Tiba-tiba hujan turun dengan derasnya, angin berhebus kencang dan guntur menggelegar bersahut-sahutan di angkasa. Kilat menyambar-nyambar pohon yang ada di sekitar mereka, sehingga menjadi robohlah pohon-pohon itu. Semua pohon-pohon yang ada di sekitar mereka rata dengan tanah.
Sementara itu hujan turun dengan deras secara terus menerus mengakibatkan sungai Sebangkau meluap, dan batu-batu besar dari Gunung Pelanjau pun banyak yang bergulingan masuk ke dalam sungai Sebangkau. Nek Jage dan jago keluarganya terguling-guling ke dalam sungai Sebangkau.

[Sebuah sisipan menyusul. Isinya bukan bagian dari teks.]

lemma casual_g_binomial_expansion:
  fixes m n :: nat and h s :: real
  assumes m: "m \<ge> 1" and n: "n \<ge> 1" and h: "h > 0" and s: "s \<ge> 0"
  defines "A \<equiv> \<lambda>k. real (m choose k) * (1 / real n) ^ k * ((real n - 1) / real n * h powr (1 / real m)) ^ (m - k)"
  shows "casual_g (1 / real m) h n s =
     (\<Prod>k\<le>m. exp (- A k * ((s + h) powr (real k / real m) - h powr (real k / real m))))"
proof -
  define u where "u = (s + h) powr (1 / real m)"
  define h0 where "h0 = h powr (1 / real m)"
  define a where "a = 1 / real n"
  define b where "b = (real n - 1) / real n * h0"
  have u: "u > 0" unfolding u_def using h s by simp
  have h0: "h0 > 0" unfolding h0_def using h by simp
  have X: "a * u + b > 0" using n h0 u unfolding a_def b_def by (simp add: add_pos_nonneg)
  have A: "A k = real (m choose k) * a ^ k * b ^ (m - k)" for k
    unfolding A_def a_def b_def h0_def by simp
  have u_power: "u ^ k = (s + h) powr (real k / real m)" for k
    using u unfolding u_def by (simp add: powr_realpow[symmetric] powr_powr)
  have h0_power: "h0 ^ k = h powr (real k / real m)" for k
    using h0 unfolding h0_def by (simp add: powr_realpow[symmetric] powr_powr)
  have "h = (a * h0 + b) ^ m"
    using h0_power[of m] m h n by (simp add: a_def b_def field_simps)
  moreover have "casual_g (1 / real m) h n s = exp (h - (a * u + b) ^ m)"
    using X m by (simp add: casual_g_def u_def a_def b_def h0_def powr_realpow)
  ultimately have "casual_g (1 / real m) h n s = exp ((a * h0 + b) ^ m - (a * u + b) ^ m)"
    by simp
  also have "(a * h0 + b) ^ m - (a * u + b) ^ m =
      (\<Sum>k\<le>m. - A k * ((s + h) powr (real k / real m) - h powr (real k / real m)))"
    unfolding binomial_ring A u_power[symmetric] h0_power[symmetric]
    by (simp add: sum_subtractf[symmetric] power_mult_distrib algebra_simps)
  finally show ?thesis by (simp add: exp_sum)
qed

lemma casual_g_laplace_transform:
  fixes m n :: nat and h :: real
  assumes m: "m \<ge> 2" and n: "n \<ge> 1" and h: "h > 0"
  shows "is_laplace_transform_prob (casual_g (1 / real m) h n)"
proof -
  define A where "A k = real (m choose k) * (1 / real n) ^ k * ((real n - 1) / real n * h powr (1 / real m)) ^ (m - k)"
    for k
  have A: "A k \<ge> 0" for k unfolding A_def using n by simp
  have "is_laplace_transform_prob (\<lambda>s. exp (- A k * ((s + h) powr (real k / real m) - h powr (real k / real m))))"
    if "k \<le> m" for k
  proof -
    consider "k = 0" | "k = m" | "0 < k" "k < m" using \<open>k \<le> m\<close> by linarith
    then show ?thesis
    proof cases
      case 1
      then show ?thesis using h by (intro lt_cong[OF lt_one]) simp
    next
      case 2
      then show ?thesis using m h by (intro lt_cong[OF lt_dirac[OF A[of k]]]) (simp add: algebra_simps)
    next
      case 3
      then show ?thesis using h A by (intro lt_tempered_stable) auto
    qed
  qed
  then have "is_laplace_transform_prob
      (\<lambda>s. \<Prod>k\<le>m. exp (- A k * ((s + h) powr (real k / real m) - h powr (real k / real m))))"
    by (intro lt_prod) auto
  then show ?thesis
    by (rule lt_cong) (use casual_g_binomial_expansion[OF _ n h] m in \<open>simp add: A_def\<close>)
qed

lemma casual_g_functional_equation:
  fixes \<alpha> c h s :: real and n :: nat
  assumes \<alpha>: "\<alpha> > 0" and n: "n \<ge> 1" and h: "h > 0" and s: "s \<ge> 0"
  shows "tps_L \<alpha> c h s = (tps_L \<alpha> c h (- ln (casual_g \<alpha> h n s))) ^ n"
proof -
  define X where "X = (1 / real n) * (s + h) powr \<alpha> + ((real n - 1) / real n) * h powr \<alpha>"
  have X: "X > 0" unfolding X_def using n s h by (intro add_pos_nonneg) auto
  have "- ln (casual_g \<alpha> h n s) + h = X powr (1 / \<alpha>)"
    unfolding casual_g_def X_def by simp
  then have "(- ln (casual_g \<alpha> h n s) + h) powr \<alpha> = X"
    using X \<alpha> by (simp add: powr_powr)
  then have "(tps_L \<alpha> c h (- ln (casual_g \<alpha> h n s))) ^ n = exp (real n * (- c * (X - h powr \<alpha>)))"
    by (simp add: tps_L_def exp_of_nat_mult[symmetric])
  also have "real n * (- c * (X - h powr \<alpha>)) = - c * ((s + h) powr \<alpha> - h powr \<alpha>)"
    unfolding X_def using n by (simp add: field_simps)
  finally show ?thesis by (simp add: tps_L_def)
qed

theorem mainTheorem3:
  fixes m :: nat and h c :: real
  assumes "m \<ge> 2" and "h > 0" and "c > 0"
  shows "(\<forall>n::nat. n \<ge> 1 \<longrightarrow>
            is_laplace_transform_prob (casual_g (1 / real m) h n) \<and>
            (\<forall>s\<ge>0. tps_L (1 / real m) c h s =
                     (tps_L (1 / real m) c h (- ln (casual_g (1 / real m) h n s))) ^ n))
         \<and> casual_stable (tps_L (1 / real m) c h)"
proof -
  have "is_laplace_transform_prob (casual_g (1 / real m) h n) \<and>
        (\<forall>s\<ge>0. tps_L (1 / real m) c h s = (tps_L (1 / real m) c h (- ln (casual_g (1 / real m) h n s))) ^ n)"
    if "n \<ge> 1" for n
    using casual_g_laplace_transform[OF assms(1) that assms(2)]
      casual_g_functional_equation[of "1 / real m" n h] assms that by simp
  then show ?thesis unfolding casual_stable_def by blast
qed

end
lemma inj_skip_index: "inj_on (skip_index k) S"
  by (auto simp: inj_on_def skip_index_def split: if_splits)

lemma skip_index_less_iff: "skip_index k i < k \<longleftrightarrow> i < k"
  by (simp add: skip_index_def)

lemma skip_index_neq: "skip_index k i \<noteq> k"
  by (simp add: skip_index_def)

lemma nth_insert_at_skip_index:
  "k \<le> length r \<Longrightarrow> i < length r \<Longrightarrow> insert_at k h r ! skip_index k i = r ! i"
  by (auto simp: skip_index_def nth_insert_at_less nth_insert_at_greater)

lemma ex_skip_index:
  assumes "k \<le> n" "i < Suc n" "i \<noteq> k"
  shows "\<exists>i'<n. i = skip_index k i'"
proof (cases "i < k")
  case True
  then show ?thesis using assms by (intro exI[of _ i]) (auto simp: skip_index_def)
next
  case False
  then show ?thesis using assms by (intro exI[of _ "i - 1"]) (auto simp: skip_index_def)
qed

lemma lessThan_Suc_eq_insert_skip_index:
  "k \<le> n \<Longrightarrow> {..<Suc n} = insert k (skip_index k ` {..<n})"
proof (intro equalityI subsetI)
  fix i assume "k \<le> n" "i \<in> {..<Suc n}"
  then show "i \<in> insert k (skip_index k ` {..<n})"
    using ex_skip_index[of k n i] by (cases "i = k") auto
qed (auto simp: skip_index_def)

lemma finite_area_prec [simp]: "finite {i. area_prec w i j}"
  by (rule finite_subset[of _ "{..<length w}"]) (auto simp: area_prec_def)

lemma area_prec_insert_at_skip_index:
  assumes "k \<le> length r" "i < length r" "j < length r"
  shows "area_prec (insert_at k h r) (skip_index k i) (skip_index k j) \<longleftrightarrow> area_prec r i j"
  using assms nth_insert_at_skip_index[OF assms(1,2), of h]
    nth_insert_at_skip_index[OF assms(1,3), of h]
  by (auto simp: area_prec_def skip_index_def split: if_splits)

lemma area_down_deg_insert_at_skip_index:
  assumes k: "k \<le> length r" and h: "\<forall>j<length r. r ! j \<le> h" and j: "j < length r"
  shows "area_down_deg (insert_at k h r) (skip_index k j) = area_down_deg r j"
proof -
  let ?w = "insert_at k h r"
  have "\<not> area_prec ?w k (skip_index k j)"
    using nth_insert_at_skip_index[OF k j, of h] h[rule_format, OF j] k by (simp add: area_prec_def)
  have "{i. area_prec ?w i (skip_index k j)} = skip_index k ` {i. area_prec r i j}"
  proof (intro equalityI subsetI)
    fix i assume i: "i \<in> {i. area_prec ?w i (skip_index k j)}"
    then have "i < Suc (length r)" "i \<noteq> k"
      using k \<open>\<not> area_prec ?w k (skip_index k j)\<close> by (auto simp: area_prec_def)
    then obtain i' where "i' < length r" "i = skip_index k i'" using ex_skip_index[OF k] by blast
    then show "i \<in> skip_index k ` {i. area_prec r i j}"
      using i area_prec_insert_at_skip_index[OF k _ j] by auto
  next
    fix i assume "i \<in> skip_index k ` {i. area_prec r i j}"
    then obtain i' where "area_prec r i' j" "i = skip_index k i'" by blast
    then show "i \<in> {i. area_prec ?w i (skip_index k j)}"
      using area_prec_insert_at_skip_index[OF k _ j] by (auto simp: area_prec_def)
  qed
  then show ?thesis unfolding area_down_deg_def by (simp add: card_image[OF inj_skip_index])
qed

lemma area_down_deg_insert_at_new:
  assumes k: "k \<le> length r"
  shows "area_down_deg (insert_at k h r) k = slot_down_deg r h k"
proof -
  let ?w = "insert_at k h r"
  let ?S = "{i. i < length r \<and> (r ! i + 2 \<le> h \<or> (r ! i + 1 = h \<and> i < k))}"
  have key: "area_prec ?w (skip_index k i) k \<longleftrightarrow> i \<in> ?S" if i: "i < length r" for i
    using nth_insert_at_skip_index[OF k i, of h] k i
    by (auto simp: area_prec_def skip_index_less_iff skip_index_def)
  have "{i. area_prec ?w i k} = skip_index k ` ?S"
  proof (intro equalityI subsetI)
    fix i assume i: "i \<in> {i. area_prec ?w i k}"
    then have "i < Suc (length r)" "i \<noteq> k" using k by (auto simp: area_prec_def)
    then obtain i' where "i' < length r" "i = skip_index k i'" using ex_skip_index[OF k] by blast
    then show "i \<in> skip_index k ` ?S" using i key[of i'] by simp
  qed (use key in auto)
  then show ?thesis
    unfolding area_down_deg_def slot_down_deg_def by (simp add: card_image[OF inj_skip_index])
qed

lemma area_down_degs_insert_at:
  assumes k: "k \<le> length r" and h: "\<forall>j<length r. r ! j \<le> h"
  shows "area_down_degs (insert_at k h r) = add_mset (slot_down_deg r h k) (area_down_degs r)"
proof -
  let ?w = "insert_at k h r"
  have "k \<notin> skip_index k ` {..<length r}" using skip_index_neq by (metis imageE)
  then have "mset_set {..<length ?w} =
      add_mset k (image_mset (skip_index k) (mset_set {..<length r}))"
    using k lessThan_Suc_eq_insert_skip_index[OF k]
    by (simp add: image_mset_mset_set[OF inj_skip_index])
  then have "area_down_degs ?w =
      add_mset (area_down_deg ?w k)
        (image_mset (\<lambda>j. area_down_deg ?w (skip_index k j)) (mset_set {..<length r}))"
    unfolding area_down_degs_def by (simp add: image_mset.compositionality comp_def)
  also have "image_mset (\<lambda>j. area_down_deg ?w (skip_index k j)) (mset_set {..<length r}) =
      area_down_degs r"
    unfolding area_down_degs_def
    by (rule image_mset_cong) (use area_down_deg_insert_at_skip_index[OF k h] in auto)
  finally show ?thesis using area_down_deg_insert_at_new[OF k] by simp
qed

lemma area_down_deg_mono:
  assumes "j < length w" "j' < length w" "w ! j < w ! j' \<or> (w ! j = w ! j' \<and> j \<le> j')"
  shows "area_down_deg w j \<le> area_down_deg w j'"
  unfolding area_down_deg_def by (rule card_mono) (use assms in \<open>auto simp: area_prec_def\<close>)

lemma area_down_deg_insert_at_le:
  assumes slot: "final_peak_slot r k h" and j: "j < Suc (length r)"
  shows "area_down_deg (insert_at k h r) j \<le> slot_down_deg r h k"
proof (cases "j = k")
  case True
  then show ?thesis using slot area_down_deg_insert_at_new by (simp add: final_peak_slot_def)
next
  case False
  have k: "k \<le> length r" using slot by (simp add: final_peak_slot_def)
  obtain j' where j': "j' < length r" "j = skip_index k j'"
    using ex_skip_index[OF k j False] by blast
  have "r ! j' \<le> h" and "k \<le> j' \<Longrightarrow> r ! j' < h"
    using slot j'(1) by (auto simp: final_peak_slot_def)
  then have "r ! j' < h \<or> (r ! j' = h \<and> skip_index k j' \<le> k)"
    by (cases "j' < k") (auto simp: skip_index_def)
  then have "area_down_deg (insert_at k h r) (skip_index k j') \<le> area_down_deg (insert_at k h r) k"
    using k j' nth_insert_at_skip_index[OF k j'(1), of h]
    by (intro area_down_deg_mono) (auto simp: skip_index_def)
  then show ?thesis using area_down_deg_insert_at_new[OF k] j' by simp
qed

lemma area_down_degs_le_slot_down_deg:
  assumes slot: "final_peak_slot r k h"
  shows "\<forall>x\<in>#area_down_degs r. x \<le> slot_down_deg r h k"
proof -
  have k: "k \<le> length r" and h: "\<forall>j<length r. r ! j \<le> h"
    using slot by (auto simp: final_peak_slot_def)
  have "\<forall>x\<in>#area_down_degs (insert_at k h r). x \<le> slot_down_deg r h k"
    using area_down_deg_insert_at_le[OF slot] k by (auto simp: area_down_degs_def)
  then show ?thesis using area_down_degs_insert_at[OF k h] by simp
qed

lemma add_mset_eq_max_elem:
  fixes t1 t2 :: "'a::linorder"
  assumes "add_mset t1 X1 = add_mset t2 X2" "\<forall>x\<in>#X1. x \<le> t1" "\<forall>x\<in>#X2. x \<le> t2"
  shows "t1 = t2" and "X1 = X2"
proof -
  have "t1 = Max_mset (add_mset t1 X1)" "t2 = Max_mset (add_mset t2 X2)"
    using assms(2,3) by (auto intro: Max_eqI[symmetric])
  then show "t1 = t2" using assms(1) by simp
  with assms(1) show "X1 = X2" by simp
qed

section \<open>Relations determined by their down-degrees\<close>

definition down_deg :: "nat \<Rightarrow> (nat \<Rightarrow> nat \<Rightarrow> bool) \<Rightarrow> nat \<Rightarrow> nat" where
  "down_deg n R j = card {i\<in>{1..n}. R i j}"

definition down_degs :: "nat \<Rightarrow> (nat \<Rightarrow> nat \<Rightarrow> bool) \<Rightarrow> nat multiset" where
  "down_degs n R = image_mset (down_deg n R) (mset_set {1..n})"

text \<open>Both unit interval orders and the posets \<^term>\<open>Pw w\<close> are nested: along a linear order
  \<open>key\<close> of the elements, the sets of predecessors grow and the sets of successors shrink.\<close>

definition nested :: "nat \<Rightarrow> (nat \<Rightarrow> nat \<Rightarrow> bool) \<Rightarrow> (nat \<Rightarrow> 'a::linorder) \<Rightarrow> bool" where
  "nested n R key \<longleftrightarrow> inj_on key {1..n} \<and>
     (\<forall>i\<in>{1..n}. \<forall>i'\<in>{1..n}. \<forall>j\<in>{1..n}. R i j \<and> key i' \<le> key i \<longrightarrow> R i' j) \<and>
     (\<forall>i\<in>{1..n}. \<forall>j\<in>{1..n}. \<forall>j'\<in>{1..n}. R i j \<and> key j \<le> key j' \<longrightarrow> R i j')"

lemma down_degs_eq_if_iso_on:
  assumes "iso_on n R S"
  shows "down_degs n R = down_degs n S"
proof -
  obtain f where f: "bij_betw f {1..n} {1..n}" "\<forall>i\<in>{1..n}. \<forall>j\<in>{1..n}. R i j \<longleftrightarrow> S (f i) (f j)"
    using assms by (auto simp: iso_on_def)
  have inj: "inj_on f {1..n}" and img: "f ` {1..n} = {1..n}" using f(1) by (auto simp: bij_betw_def)
  have "down_deg n R j = down_deg n S (f j)" if j: "j \<in> {1..n}" for j
  proof -
    have "f ` {i\<in>{1..n}. R i j} = {i'\<in>{1..n}. S i' (f j)}"
    proof
      show "f ` {i\<in>{1..n}. R i j} \<subseteq> {i'\<in>{1..n}. S i' (f j)}"
      proof
        fix i' assume "i' \<in> f ` {i\<in>{1..n}. R i j}"
        then obtain i where "i \<in> {1..n}" "R i j" "i' = f i" by blast
        then show "i' \<in> {i'\<in>{1..n}. S i' (f j)}" using f(2) j img by auto
      qed
      show "{i'\<in>{1..n}. S i' (f j)} \<subseteq> f ` {i\<in>{1..n}. R i j}"
      proof
        fix i' assume i': "i' \<in> {i'\<in>{1..n}. S i' (f j)}"
        then obtain i where "i \<in> {1..n}" "i' = f i" using img by (metis imageE mem_Collect_eq)
        then show "i' \<in> f ` {i\<in>{1..n}. R i j}" using i' f(2) j by blast
      qed
    qed
    moreover have "inj_on f {i\<in>{1..n}. R i j}" by (rule inj_on_subset[OF inj]) blast
    ultimately show ?thesis unfolding down_deg_def by (metis card_image)
  qed
  then have "down_degs n R = image_mset (down_deg n S \<circ> f) (mset_set {1..n})"
    unfolding down_degs_def by (intro image_mset_cong) auto
  also have "\<dots> = image_mset (down_deg n S) (image_mset f (mset_set {1..n}))"
    by (simp add: image_mset.compositionality)
  also have "image_mset f (mset_set {1..n}) = mset_set {1..n}"
    using image_mset_mset_set[OF inj] img by simp
  finally show ?thesis by (simp add: down_degs_def)
qed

Air sungai Sebangkau yang meluap telah menelan badan mereka sekeluarga. Pada ketika itu pula batu-batu besar bermunculan dari dalam sungai Sebangkau. Nek Jage dan jago keluarganya sudah menjadi batu. Semua itu yaitu undangan Nek Jage pada Dewata, dan Dewata pun mengabulkan permohonannya. Mereka semuanya dikutuk menjadi batu.
Kini kerikil Nek Jage terletak di tengah-tengah sungai Sebangkau di Kecamatan Tebas sekarang, yaitu di satu desa yang berjulukan desa Batu Mak Jage dusun Pelanjau. Batu-batu besar penjelmaan Nek Jage itulah yang sangat berbahaya bagi bahtera yang bermuatan kayu dari hutan di hulu sungai yang ingin membawa hasil mereka ke hilir. Banyak dari perahu-perahu itu yang telah tenggelam di sekitar kerikil Nek Jage tersebut. Sampai kini batu-batu itu masih ada sanggup kita jumpai.
*Disclaimer: Artikel diatas telah saya ketik ulang dari sebuah buku yang berjudul "Si Belanga dan Putri Raja" terbitan tahun 2011, Romeo Grafika Pontianak.
Cerita Rakyat Dayak Kabupaten Sambas "Batu Nek Jage", oleh masyarakat Melayu Sambas juga disebut Mak Jage.
Cerita Rakyat Dayak Kabupaten Sambas "Batu Nek Jage", oleh masyarakat Melayu Sambas juga disebut Mak Jage.